Aim of the exercise:
Your answer should show every line of the material below that includes "inclusion".

Supplied data:
(* Let $S$ be a finite set and $r:S\times S\to[0,\infty)$ with $r(x,y)>0$ for all distinct $x,y\in S$. Consider the inclusion process on $S$ with underlying rates $r$ and parameter $d_N>0$ satisfying $\lim_{N\to\infty}d_N\frac{N^2}{(\log N)^2}=0$. Fix $\delta>0$ and let $\mathcal U_N=\{\eta\in\mathcal H_N:\eta_x\le\delta\log N\text{ for some }x\in S\}$, and let $\tau_{\mathcal U_N}$ be the hitting time of $\mathcal U_N$ by the inclusion process. Then there exists a constant $C=C(\delta)>0$ such that for all $N$, $$\sup_{\eta\in\mathcal H_N}\mathbb E_\eta[\tau_{\mathcal U_N}]\le CN.$$
   Context: $\mathcal H_N=\{\eta\in\{0,1,2,\dots\}^S:\sum_{x\in S}\eta_x=N\}$; for $\eta$ with $\eta_x\ge1$, $\sigma^{x,y}\eta$ moves one particle from $x$ to $y$ ($\sigma^{x,y}\eta=\eta$ if $\eta_x=0$). The inclusion process $\eta_N(\cdot)$ is the continuous-time Markov chain on $\mathcal H_N$ with generator $(\mathcal L_NF)(\eta)=\sum_{x\ne y}\eta_x(d_N+\eta_y)r(x,y)\{F(\sigma^{x,y}\eta)-F(\eta)\}$; $\mathbb E_\eta$ is expectation for the process started at $\eta$. *)

theory Defs
  imports "HOL-Analysis.Analysis"
begin

definition config_space :: "'a set \<Rightarrow> nat \<Rightarrow> ('a \<Rightarrow> nat) set" where
  "config_space S N = {\<eta>. (\<forall>x. x \<notin> S \<longrightarrow> \<eta> x = 0) \<and> (\<Sum>x\<in>S. \<eta> x) = N}"

definition move :: "'a \<Rightarrow> 'a \<Rightarrow> ('a \<Rightarrow> nat) \<Rightarrow> ('a \<Rightarrow> nat)" where
  "move x y \<eta> = (if 1 \<le> \<eta> x then (\<eta>(x := \<eta> x - 1))(y := \<eta> y + 1) else \<eta>)"

definition site_pairs :: "'a set \<Rightarrow> ('a \<times> 'a) set" where
  "site_pairs S = {(x, y). x \<in> S \<and> y \<in> S \<and> x \<noteq> y}"

definition incl_rate :: "('a \<Rightarrow> 'a \<Rightarrow> real) \<Rightarrow> real \<Rightarrow> ('a \<Rightarrow> nat) \<Rightarrow> 'a \<Rightarrow> 'a \<Rightarrow> real" where
  "incl_rate r dN \<eta> x y = real (\<eta> x) * (dN + real (\<eta> y)) * r x y"

definition incl_total_rate :: "'a set \<Rightarrow> ('a \<Rightarrow> 'a \<Rightarrow> real) \<Rightarrow> real \<Rightarrow> ('a \<Rightarrow> nat) \<Rightarrow> real" where
  "incl_total_rate S r dN \<eta> = (\<Sum>(x, y)\<in>site_pairs S. incl_rate r dN \<eta> x y)"

text \<open>First-step (jump chain / holding time) operator for the expected hitting time of U:
  h(eta) = 0 on U, and off U
  h(eta) = 1/q(eta) + sum_{x<>y} (rate(eta,x,y)/q(eta)) h(sigma^{x,y} eta),
  with 1/0 = infinity in ennreal (a state with no jumps never reaches U).\<close>
definition incl_hit_step ::
  "'a set \<Rightarrow> ('a \<Rightarrow> 'a \<Rightarrow> real) \<Rightarrow> real \<Rightarrow> ('a \<Rightarrow> nat) set
    \<Rightarrow> (('a \<Rightarrow> nat) \<Rightarrow> ennreal) \<Rightarrow> ('a \<Rightarrow> nat) \<Rightarrow> ennreal" where
  "incl_hit_step S r dN U h \<eta> =
     (if \<eta> \<in> U then 0
      else inverse (ennreal (incl_total_rate S r dN \<eta>)) +
           (\<Sum>(x, y)\<in>site_pairs S.
              ennreal (incl_rate r dN \<eta> x y / incl_total_rate S r dN \<eta>) * h (move x y \<eta>)))"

Answer to the exercise:
(* Let $S$ be a finite set and $r:S\times S\to[0,\infty)$ with $r(x,y)>0$ for all distinct $x,y\in S$. Consider the inclusion process on $S$ with underlying rates $r$ and parameter $d_N>0$ satisfying $\lim_{N\to\infty}d_N\frac{N^2}{(\log N)^2}=0$. Fix $\delta>0$ and let $\mathcal U_N=\{\eta\in\mathcal H_N:\eta_x\le\delta\log N\text{ for some }x\in S\}$, and let $\tau_{\mathcal U_N}$ be the hitting time of $\mathcal U_N$ by the inclusion process. Then there exists a constant $C=C(\delta)>0$ such that for all $N$, $$\sup_{\eta\in\mathcal H_N}\mathbb E_\eta[\tau_{\mathcal U_N}]\le CN.$$
   Context: $\mathcal H_N=\{\eta\in\{0,1,2,\dots\}^S:\sum_{x\in S}\eta_x=N\}$; for $\eta$ with $\eta_x\ge1$, $\sigma^{x,y}\eta$ moves one particle from $x$ to $y$ ($\sigma^{x,y}\eta=\eta$ if $\eta_x=0$). The inclusion process $\eta_N(\cdot)$ is the continuous-time Markov chain on $\mathcal H_N$ with generator $(\mathcal L_NF)(\eta)=\sum_{x\ne y}\eta_x(d_N+\eta_y)r(x,y)\{F(\sigma^{x,y}\eta)-F(\eta)\}$; $\mathbb E_\eta$ is expectation for the process started at $\eta$. *)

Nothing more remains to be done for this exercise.